THE TASK -
Read through the data and report every line in which the word "that" occurs.
--- START ---
lemma pointwise_cring:
  fixes S :: "('p \<Rightarrow> 'b) ring" and K :: "'p \<Rightarrow> 'b ring"
  assumes K: "\<And>P. P \<in> Sp \<Longrightarrow> cring (K P)"
    and val: "\<And>f P. f \<in> carrier S \<Longrightarrow> P \<in> Sp \<Longrightarrow> f P \<in> carrier (K P)"
    and outside: "\<And>f P. f \<in> carrier S \<Longrightarrow> P \<notin> Sp \<Longrightarrow> f P = undefined"
    and add: "\<And>f g. f \<oplus>\<^bsub>S\<^esub> g = (\<lambda>P. if P \<in> Sp then f P \<oplus>\<^bsub>K P\<^esub> g P else undefined)"
    and mult: "\<And>f g. f \<otimes>\<^bsub>S\<^esub> g = (\<lambda>P. if P \<in> Sp then f P \<otimes>\<^bsub>K P\<^esub> g P else undefined)"
    and zero: "\<zero>\<^bsub>S\<^esub> = (\<lambda>P. if P \<in> Sp then \<zero>\<^bsub>K P\<^esub> else undefined)"
    and one: "\<one>\<^bsub>S\<^esub> = (\<lambda>P. if P \<in> Sp then \<one>\<^bsub>K P\<^esub> else undefined)"
    and add_closed: "\<And>f g. f \<in> carrier S \<Longrightarrow> g \<in> carrier S \<Longrightarrow> f \<oplus>\<^bsub>S\<^esub> g \<in> carrier S"
    and mult_closed: "\<And>f g. f \<in> carrier S \<Longrightarrow> g \<in> carrier S \<Longrightarrow> f \<otimes>\<^bsub>S\<^esub> g \<in> carrier S"
    and zero_closed: "\<zero>\<^bsub>S\<^esub> \<in> carrier S" and one_closed: "\<one>\<^bsub>S\<^esub> \<in> carrier S"
    and neg: "\<And>f. f \<in> carrier S \<Longrightarrow>
      \<exists>g\<in>carrier S. \<forall>P\<in>Sp. g P \<oplus>\<^bsub>K P\<^esub> f P = \<zero>\<^bsub>K P\<^esub>"
  shows "cring S"
proof -
  have eqI: "u = v" if "u \<in> carrier S" "v \<in> carrier S" "\<And>P. P \<in> Sp \<Longrightarrow> u P = v P"
    for u v
    using that outside by (intro ext) metis
  have laws:
    "(f \<oplus>\<^bsub>S\<^esub> g \<oplus>\<^bsub>S\<^esub> h) P = (f \<oplus>\<^bsub>S\<^esub> (g \<oplus>\<^bsub>S\<^esub> h)) P"
    "(f \<oplus>\<^bsub>S\<^esub> g) P = (g \<oplus>\<^bsub>S\<^esub> f) P" "(\<zero>\<^bsub>S\<^esub> \<oplus>\<^bsub>S\<^esub> f) P = f P"
    "(f \<otimes>\<^bsub>S\<^esub> g \<otimes>\<^bsub>S\<^esub> h) P = (f \<otimes>\<^bsub>S\<^esub> (g \<otimes>\<^bsub>S\<^esub> h)) P"
    "(f \<otimes>\<^bsub>S\<^esub> g) P = (g \<otimes>\<^bsub>S\<^esub> f) P" "(\<one>\<^bsub>S\<^esub> \<otimes>\<^bsub>S\<^esub> f) P = f P"
    "((f \<oplus>\<^bsub>S\<^esub> g) \<otimes>\<^bsub>S\<^esub> h) P = (f \<otimes>\<^bsub>S\<^esub> h \<oplus>\<^bsub>S\<^esub> g \<otimes>\<^bsub>S\<^esub> h) P"
    if "f \<in> carrier S" "g \<in> carrier S" "h \<in> carrier S" "P \<in> Sp" for f g h P
  proof -
    interpret KP: cring "K P" using K that(4) .
    have "f P \<in> carrier (K P)" "g P \<in> carrier (K P)" "h P \<in> carrier (K P)"
      using val that by auto
    thus "(f \<oplus>\<^bsub>S\<^esub> g \<oplus>\<^bsub>S\<^esub> h) P = (f \<oplus>\<^bsub>S\<^esub> (g \<oplus>\<^bsub>S\<^esub> h)) P"
      "(f \<oplus>\<^bsub>S\<^esub> g) P = (g \<oplus>\<^bsub>S\<^esub> f) P" "(\<zero>\<^bsub>S\<^esub> \<oplus>\<^bsub>S\<^esub> f) P = f P"
      "(f \<otimes>\<^bsub>S\<^esub> g \<otimes>\<^bsub>S\<^esub> h) P = (f \<otimes>\<^bsub>S\<^esub> (g \<otimes>\<^bsub>S\<^esub> h)) P"
      "(f \<otimes>\<^bsub>S\<^esub> g) P = (g \<otimes>\<^bsub>S\<^esub> f) P" "(\<one>\<^bsub>S\<^esub> \<otimes>\<^bsub>S\<^esub> f) P = f P"
      "((f \<oplus>\<^bsub>S\<^esub> g) \<otimes>\<^bsub>S\<^esub> h) P = (f \<otimes>\<^bsub>S\<^esub> h \<oplus>\<^bsub>S\<^esub> g \<otimes>\<^bsub>S\<^esub> h) P"
      using that(4) by (simp_all add: add mult zero one KP.a_ac KP.m_ac KP.l_distr KP.r_distr)
  qed
  note closed = add_closed mult_closed zero_closed one_closed
  show ?thesis
  proof (rule cringI)
    show "abelian_group S"
    proof (rule abelian_groupI)
      fix f assume f: "f \<in> carrier S"
      then obtain g where g: "g \<in> carrier S" "\<forall>P\<in>Sp. g P \<oplus>\<^bsub>K P\<^esub> f P = \<zero>\<^bsub>K P\<^esub>"
        using neg by blast
      have "g \<oplus>\<^bsub>S\<^esub> f = \<zero>\<^bsub>S\<^esub>"
        by (rule eqI[OF add_closed[OF g(1) f] zero_closed]) (simp add: add zero g(2))
      thus "\<exists>g\<in>carrier S. g \<oplus>\<^bsub>S\<^esub> f = \<zero>\<^bsub>S\<^esub>" using g(1) by blast
    qed (assumption | rule closed eqI laws)+
    show "comm_monoid S"
      by (rule comm_monoidI; (assumption | rule closed eqI laws)+)
  qed (assumption | rule closed eqI laws)+
qed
--- END ---
YOUR SOLUTION -
    using that outside by (intro ext) metis
    interpret KP: cring "K P" using K that(4) .
      using val that by auto
      using that(4) by (simp_all add: add mult zero one KP.a_ac KP.m_ac KP.l_distr KP.r_distr)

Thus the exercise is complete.